3. Install the required dependencies:

```bash
# Using pip
pip install -r requirements.txt

# Using UV (recommended)
pip install uv  # If UV is not yet installed
uv venv
uv pip install -e .
```

### Using UV (Modern Python Package Manager)

This project now supports [UV](https://github.com/astral-sh/uv), a fast Python package installer and resolver.

```bash
# Install UV if you don't have it yet
pip install uv

# Create a virtual environment
uv venv

# Install the project and its dependencies
uv pip install -e .

# Install development dependencies
uv pip install -e ".[dev]"
```

## 🔧 Configuration

### MCP Configuration for AI Assistants

To use this crawler with AI assistants like VScode Cline, configure your `cline_mcp_settings.json` file:

```json
{
  "mcpServers": {
    "crawl": {
      "command": "PATH\\TO\\YOUR\\ENVIRONMENT\\.venv\\Scripts\\python.exe",
      "args": [
        "PATH\\TO\\YOUR\\PROJECT\\crawl_mcp.py"
      ],
      "disabled": false,
      "autoApprove": [],
      "timeout": 600
    }
  }
}
```

Replace `PATH\\TO\\YOUR\\ENVIRONMENT` and `PATH\\TO\\YOUR\\PROJECT` with the appropriate paths on your system.

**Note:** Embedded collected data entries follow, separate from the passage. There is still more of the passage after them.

lemma const_on_card_wt_avoiding:
  fixes X :: "('a::zero ^ 'n::finite) set" and G :: "nat \<Rightarrow> nat"
  assumes X: "finite X"
    and subcodes: "\<And>V. card V \<noteq> d \<Longrightarrow> card (subcode_on X V) = G (card V)"
    and critical: "const_on_card t (wt_avoiding X d)"
  shows "const_on_card t (wt_avoiding X w)"
proof -
  have transform: "(\<Sum>v\<le>m. wt_avoiding X v S * ((card (- S) - v) choose (m - v)))
                     = (card (- S) choose m) * G m" if m: "m \<noteq> d" for S :: "'n set" and m
  proof -
    have "(\<Sum>v\<le>m. wt_avoiding X v S * ((card (- S) - v) choose (m - v)))
            = (\<Sum>W | W \<subseteq> - S \<and> card W = m. card (subcode_on X W))"
      by (rule sum_card_subcode_on_subsets[OF X, symmetric])
    also have "\<dots> = (\<Sum>W | W \<subseteq> - S \<and> card W = m. G m)"
      by (rule sum.cong) (use subcodes m in auto)
    also have "\<dots> = (card (- S) choose m) * G m"
      by (simp add: n_subsets)
    finally show ?thesis .
  qed
  show ?thesis unfolding const_on_card_def
  proof (intro allI impI)
    fix S S' :: "'n set" assume S: "card S = t" "card S' = t"
    then have N: "card (- S) = card (- S')" by (simp add: card_Compl_finite)
    show "wt_avoiding X w S = wt_avoiding X w S'"
    proof (rule binomial_transform_eq_imp_eq[where d = d and N = "card (- S)"
          and x = "\<lambda>v. wt_avoiding X v S" and y = "\<lambda>v. wt_avoiding X v S'"])
      fix m assume "m \<noteq> d"
      then show "(\<Sum>v\<le>m. wt_avoiding X v S * ((card (- S) - v) choose (m - v)))
                   = (\<Sum>v\<le>m. wt_avoiding X v S' * ((card (- S) - v) choose (m - v)))"
        using transform[of m S] transform[of m S'] N by simp
    next
      show "wt_avoiding X d S = wt_avoiding X d S'"
        using critical S unfolding const_on_card_def by blast
    qed
  qed
qed

lemma wt_covering_add_wt_avoiding_singleton:
  fixes X :: "('a::zero ^ 'n) set"
  assumes "finite X"
  shows "wt_covering X w {x} + wt_avoiding X w {x} = card {c \<in> X. hwt c = w}"
proof -
  have "{c \<in> X. hwt c = w} = {c \<in> X. hwt c = w \<and> {x} \<subseteq> supp c} \<union> {c \<in> X. hwt c = w \<and> supp c \<inter> {x} = {}}"
    by auto
  then show ?thesis
    using assms by (simp add: wt_covering_def wt_avoiding_def card_Un_disjoint disjoint_iff)
qed

lemma wt_covering_add_wt_avoiding_pair:
  fixes X :: "('a::zero ^ 'n) set"
  assumes "finite X"
  shows "wt_covering X w {x, y} + wt_avoiding X w {x} + wt_avoiding X w {y}
           = card {c \<in> X. hwt c = w} + wt_avoiding X w {x, y}"
proof -
  let ?M = "{c \<in> X. hwt c = w}"
  let ?Ax = "{c \<in> X. hwt c = w \<and> supp c \<inter> {x} = {}}"
  let ?Ay = "{c \<in> X. hwt c = w \<and> supp c \<inter> {y} = {}}"
  let ?T = "{c \<in> X. hwt c = w \<and> {x, y} \<subseteq> supp c}"
  have "card ?Ax + card ?Ay = card (?Ax \<union> ?Ay) + card (?Ax \<inter> ?Ay)"
    using assms by (intro card_Un_Int) auto
  moreover have "?Ax \<inter> ?Ay = {c \<in> X. hwt c = w \<and> supp c \<inter> {x, y} = {}}"
    by auto
  moreover have "card ?T + card (?Ax \<union> ?Ay) = card ?M"
  proof -
    have "card ?M = card (?T \<union> (?Ax \<union> ?Ay))"
      by (rule arg_cong[where f = card]) auto
    also have "\<dots> = card ?T + card (?Ax \<union> ?Ay)"
      using assms by (intro card_Un_disjoint) auto
    finally show ?thesis by simp
  qed
  ultimately show ?thesis by (simp add: wt_covering_def wt_avoiding_def)
qed

lemma const_on_card_wt_avoiding_iff_wt_covering:
  fixes X :: "('a::zero ^ 'n) set"
  assumes "finite X"
  shows "const_on_card 1 (wt_avoiding X w) \<and> const_on_card 2 (wt_avoiding X w)
           \<longleftrightarrow> const_on_card 1 (wt_covering X w) \<and> const_on_card 2 (wt_covering X w)"
    (is "?avoiding \<longleftrightarrow> ?covering")
proof
  note single = wt_covering_add_wt_avoiding_singleton[OF assms, of w]
  note pair = wt_covering_add_wt_avoiding_pair[OF assms, of w]
  {
    assume ?avoiding
    then have a1: "\<And>x x'. wt_avoiding X w {x} = wt_avoiding X w {x'}"
      and a2: "\<And>x y x' y'. x \<noteq> y \<Longrightarrow> x' \<noteq> y' \<Longrightarrow> wt_avoiding X w {x, y} = wt_avoiding X w {x', y'}"
      unfolding const_on_card_1 const_on_card_2 by blast+
    have "wt_covering X w {x} = wt_covering X w {x'}" for x x'
      using single[of x] single[of x'] a1[of x x'] by linarith
    moreover have "wt_covering X w {x, y} = wt_covering X w {x', y'}" if "x \<noteq> y" "x' \<noteq> y'" for x y x' y'
      using pair[of x y] pair[of x' y'] a1[of x x'] a1[of y y'] a2[OF that] by linarith
    ultimately show ?covering unfolding const_on_card_1 const_on_card_2 by blast
  }
  {
    assume ?covering
    then have c1: "\<And>x x'. wt_covering X w {x} = wt_covering X w {x'}"
      and c2: "\<And>x y x' y'. x \<noteq> y \<Longrightarrow> x' \<noteq> y' \<Longrightarrow> wt_covering X w {x, y} = wt_covering X w {x', y'}"
      unfolding const_on_card_1 const_on_card_2 by blast+
    have a1: "wt_avoiding X w {x} = wt_avoiding X w {x'}" for x x'
      using single[of x] single[of x'] c1[of x x'] by linarith
    moreover have "wt_avoiding X w {x, y} = wt_avoiding X w {x', y'}" if "x \<noteq> y" "x' \<noteq> y'" for x y x' y'
      using pair[of x y] pair[of x' y'] a1[of x x'] a1[of y y'] c2[OF that] by linarith
    ultimately show ?avoiding unfolding const_on_card_1 const_on_card_2 by blast
  }
qed
(* Let $\hat k \ge k$ and let $(\hat g, \hat q) \in \mathcal{G} \times \mathcal{Q}$ be a minimizer of $$\min_{\hat g \in \mathcal{G},\, \hat q \in \mathcal{Q}} \; \mathbb{E}_{(x,x') \sim p(x,x')}\Big[\sum_{\hat a \in \hat{\mathcal{A}}} \hat q(\hat a \mid x, x')\,\|x' - \hat g(x,\hat a)\|_2^2 + \beta\, H(\hat q(\cdot \mid x, x'))\Big],$$ where $\beta>0$. For $(x,a) \in \mathrm{supp}[p(x,a)]$ and $\hat a \in \hat{\mathcal A}$, put $v(\hat a \mid x, a) := \hat q(\hat a \mid x, g(x,a))$. Then: 1. If Assumptions A1 and A2 hold, there is a function $v : \mathrm{supp}[p(x,a)] \to \hat{\mathcal A}$ such that for all $(x,a) \in \mathrm{supp}[p(x,a)]$ and all $\hat a\in\hat{\mathcal A}$, $v(\hat a \mid x,a) = \mathbf{1}(\hat a = v(x,a))$. 2. If Assumptions A1, A2 and A3 hold, there is a map $v : \mathrm{supp}[p(a)] \to \hat{\mathcal A}$ such that for all $(x,a) \in \mathrm{supp}[p(x,a)]$ and all $\hat a\in\hat{\mathcal A}$, $v(\hat a \mid x,a) = \mathbf{1}(\hat a = v(a))$. 3. If Assumptions A1, A2, A3 and A4 hold, the map $v : \mathrm{supp}[p(a)] \to \hat{\mathcal A}$ from part 2 is injective.
   Context: Data-generating process: $\mathcal X := [0,1]^d$, $\mathcal X' := [0,1]^{d'}$, $\mathcal A := \{1,\dots,k\}$. A state $x \in \mathcal X$ is drawn from a Lebesgue density $p(x)$ on $\mathcal X$. An action is then drawn as $a \sim \pi(a \mid x)$, where $\pi(\cdot\mid x)$ is a probability mass function on $\mathcal A$. The next observation is $x' = g(x,a)$ for a fixed function $g : \mathcal X \times \mathcal A \to \mathcal X'$. Write $p(x,a) := p(x)\pi(a\mid x)$, $p(a) := \int p(x,a)\,dx$, and $p(x\mid a) := p(x,a)/p(a)$ when $p(a)>0$. Let $p(x,x')$ denote the joint law of $(x, g(x,a))$ under this process, so $\mathbb E_{p(x,x')}[h(x,x')] = \mathbb E_{p(x,a)}[h(x,g(x,a))]$. Supports: $\mathrm{supp}[p(a)] := \{a \in \mathcal A : p(a)>0\}$. For $a \in \mathrm{supp}[p(a)]$, $\mathrm{supp}[p(x\mid a)]$ is the set of $x_0 \in \mathcal X$ such that every open neighborhood $U$ of $x_0$ satisfies $\int_U p(x\mid a)\,dx > 0$. Also $\mathrm{supp}[p(x,a)] := \bigcup_{a \in \mathrm{supp}[p(a)]} \mathrm{supp}[p(x\mid a)] \times \{a\}$. Hypothesis spaces: $\hat{\mathcal A} := \{1,\dots,\hat k\}$. $\mathcal G$ is the set of functions $\hat g : \mathcal X \times \hat{\mathcal A} \to \mathcal X'$ such that $x \mapsto \hat g(x,\hat a)$ is continuous for every $\hat a \in \hat{\mathcal A}$. $\mathcal Q$ is the set of functions $\hat q : \hat{\mathcal A} \times \mathcal X \times \mathcal X' \to [0,1]$ such that: (i) $\sum_{\hat a \in \hat{\mathcal A}} \hat q(\hat a \mid x,x') = 1$ for all $(x,x')$; (ii) $(x,x') \mapsto \hat q(\hat a \mid x, x')$ is continuous for every $\hat a$. Entropy: $H(\hat q(\cdot\mid x,x')) := -\sum_{\hat a} \hat q(\hat a\mid x,x')\log \hat q(\hat a \mid x,x')$, with the convention $0\log 0 = 0$. Assumptions: A1 (continuity): for all $a\in\mathcal A$, $x \mapsto g(x,a)$ is continuous. A2 (injectivity): for all $x \in \mathcal X$ and $a_1 \ne a_2$ in $\mathcal A$, $g(x,a_1) \ne g(x,a_2)$. A3: for every $a \in \mathrm{supp}[p(a)]$, $\mathrm{supp}[p(x\mid a)]$ is a connected subset of $\mathcal X$. A4: for all $a_1,a_2 \in \mathrm{supp}[p(a)]$, $\mathrm{supp}[p(x\mid a_1)] \cap \mathrm{supp}[p(x\mid a_2)] \ne \emptyset$. *)

theory Defs
  imports "HOL-Analysis.Analysis"
begin

definition unit_cube :: "(real ^ 'n) set" where
  "unit_cube = {x. \<forall>i. 0 \<le> x $ i \<and> x $ i \<le> 1}"

text \<open>Data-generating process: density p on X, policy pi x a = pi(a|x), actions {1..k}.\<close>
definition is_density :: "(real ^ 'd \<Rightarrow> real) \<Rightarrow> bool" where
  "is_density p \<longleftrightarrow> p \<in> borel_measurable lborel \<and> (\<forall>x\<in>unit_cube. 0 \<le> p x)
     \<and> set_integrable lborel unit_cube p \<and> (LINT x:unit_cube|lborel. p x) = 1"

definition is_policy :: "nat \<Rightarrow> (real ^ 'd \<Rightarrow> nat \<Rightarrow> real) \<Rightarrow> bool" where
  "is_policy k \<pi> \<longleftrightarrow> (\<forall>a. (\<lambda>x. \<pi> x a) \<in> borel_measurable lborel)
     \<and> (\<forall>x\<in>unit_cube. (\<forall>a\<in>{1..k}. 0 \<le> \<pi> x a) \<and> (\<Sum>a\<in>{1..k}. \<pi> x a) = 1)"

definition marg_a :: "(real ^ 'd \<Rightarrow> real) \<Rightarrow> (real ^ 'd \<Rightarrow> nat \<Rightarrow> real) \<Rightarrow> nat \<Rightarrow> real" where
  "marg_a p \<pi> a = (LINT x:unit_cube|lborel. p x * \<pi> x a)"

definition supp_a :: "(real ^ 'd \<Rightarrow> real) \<Rightarrow> (real ^ 'd \<Rightarrow> nat \<Rightarrow> real) \<Rightarrow> nat \<Rightarrow> nat set" where
  "supp_a p \<pi> k = {a \<in> {1..k}. marg_a p \<pi> a > 0}"

definition cond_dens :: "(real ^ 'd \<Rightarrow> real) \<Rightarrow> (real ^ 'd \<Rightarrow> nat \<Rightarrow> real) \<Rightarrow> nat \<Rightarrow> real ^ 'd \<Rightarrow> real" where
  "cond_dens p \<pi> a x = p x * \<pi> x a / marg_a p \<pi> a"

definition supp_x_given_a :: "(real ^ 'd \<Rightarrow> real) \<Rightarrow> (real ^ 'd \<Rightarrow> nat \<Rightarrow> real) \<Rightarrow> nat \<Rightarrow> (real ^ 'd) set" where
  "supp_x_given_a p \<pi> a = {x0 \<in> unit_cube. \<forall>U. open U \<and> x0 \<in> U \<longrightarrow>
      (LINT x:(U \<inter> unit_cube)|lborel. cond_dens p \<pi> a x) > 0}"

definition supp_xa :: "(real ^ 'd \<Rightarrow> real) \<Rightarrow> (real ^ 'd \<Rightarrow> nat \<Rightarrow> real) \<Rightarrow> nat \<Rightarrow> ((real ^ 'd) \<times> nat) set" where
  "supp_xa p \<pi> k = (\<Union>a\<in>supp_a p \<pi> k. supp_x_given_a p \<pi> a \<times> {a})"

definition entropy :: "nat \<Rightarrow> (nat \<Rightarrow> real) \<Rightarrow> real" where
  "entropy kh q = - (\<Sum>ah\<in>{1..kh}. if q ah = 0 then 0 else q ah * ln (q ah))"

definition G_space :: "nat \<Rightarrow> (real ^ 'd \<Rightarrow> nat \<Rightarrow> real ^ 'e) set" where
  "G_space kh = {gh. (\<forall>ah\<in>{1..kh}. continuous_on unit_cube (\<lambda>x. gh x ah))
                    \<and> (\<forall>x\<in>unit_cube. \<forall>ah\<in>{1..kh}. gh x ah \<in> unit_cube)}"

definition Q_space :: "nat \<Rightarrow> (nat \<Rightarrow> real ^ 'd \<Rightarrow> real ^ 'e \<Rightarrow> real) set" where
  "Q_space kh = {qh. (\<forall>ah\<in>{1..kh}. \<forall>x\<in>unit_cube. \<forall>x'\<in>unit_cube. 0 \<le> qh ah x x' \<and> qh ah x x' \<le> 1)
     \<and> (\<forall>x\<in>unit_cube. \<forall>x'\<in>unit_cube. (\<Sum>ah\<in>{1..kh}. qh ah x x') = 1)
     \<and> (\<forall>ah\<in>{1..kh}. continuous_on (unit_cube \<times> unit_cube) (\<lambda>(x, x'). qh ah x x'))}"

text \<open>The objective E_{p(x,x')}[...] written as E_{p(x,a)}[... with x' = g(x,a)].\<close>
definition objective ::
  "(real ^ 'd \<Rightarrow> real) \<Rightarrow> (real ^ 'd \<Rightarrow> nat \<Rightarrow> real) \<Rightarrow> nat \<Rightarrow> (real ^ 'd \<Rightarrow> nat \<Rightarrow> real ^ 'e)
   \<Rightarrow> nat \<Rightarrow> real \<Rightarrow> (real ^ 'd \<Rightarrow> nat \<Rightarrow> real ^ 'e) \<Rightarrow> (nat \<Rightarrow> real ^ 'd \<Rightarrow> real ^ 'e \<Rightarrow> real) \<Rightarrow> real" where
  "objective p \<pi> k g kh \<beta> gh qh =
     (\<Sum>a\<in>{1..k}. LINT x:unit_cube|lborel. p x * \<pi> x a *
        ((\<Sum>ah\<in>{1..kh}. qh ah x (g x a) * (norm (g x a - gh x ah))\<^sup>2)
         + \<beta> * entropy kh (\<lambda>ah. qh ah x (g x a))))"

definition A1 :: "nat \<Rightarrow> (real ^ 'd \<Rightarrow> nat \<Rightarrow> real ^ 'e) \<Rightarrow> bool" where
  "A1 k g \<longleftrightarrow> (\<forall>a\<in>{1..k}. continuous_on unit_cube (\<lambda>x. g x a))"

#### Concrete Example (Windows)

```json
{
  "mcpServers": {
    "crawl": {
      "command": "C:\\Python\\crawl4ai-mcp\\.venv\\Scripts\\python.exe",
      "args": [
        "D:\\Python\\crawl4ai-mcp\\crawl_mcp.py"
      ],
      "disabled": false,
      "autoApprove": [],
      "timeout": 600
    }
  }
}
```

## 🖥️ Usage

### Usage with an AI Assistant (via MCP)

Once configured in your AI assistant, you can use the crawler by asking the assistant to perform a crawl using the following syntax:

```
Can you crawl the website https://example.com with a depth of 2?
```

The assistant will use the MCP protocol to run the crawling tool with the specified parameters.

### Usage Examples with Claude

Here are examples of requests you can make to Claude after configuring the MCP tool:

- **Simple Crawl**: "Can you crawl the site example.com and give me a summary?"
- **Crawl with Options**: "Can you crawl https://example.com with a depth of 3 and include external links?"
- **Crawl with Custom Output**: "Can you crawl the blog example.com and save the results in a file named 'blog_analysis.md'?"

## 📁 Result Structure

Crawl results are saved in the `crawl_results` folder at the root of the project. Each result file is in Markdown format with the following structure:

```markdown
# https://example.com/page

## Metadata
- Depth: 1
- Timestamp: 2023-07-01T12:34:56

## Content
Extracted content from the page...

---
```

## 🛠️ Available Parameters

The crawl tool accepts the following parameters:

| Parameter | Type | Description | Default Value |
|-----------|------|-------------|---------------|
| url | string | URL to crawl (required) | - |
| max_depth | integer | Maximum crawling depth | 2 |
| include_external | boolean | Include external links | false |
| verbose | boolean | Enable detailed output | true |
| output_file | string | Output file path | automatically generated |

## 📊 Result Format

The tool returns a summary with:
- URL crawled
- Path to the generated file
- Duration of the crawl
- Statistics about processed pages (successful, failed, not found, access forbidden)

Results are saved in the `crawl_results` directory of your project.

## 🤝 Contribution

Contributions are welcome! Feel free to open an issue or submit a pull request.

## 📄 License

This project is licensed under the MIT License - see the LICENSE file for details.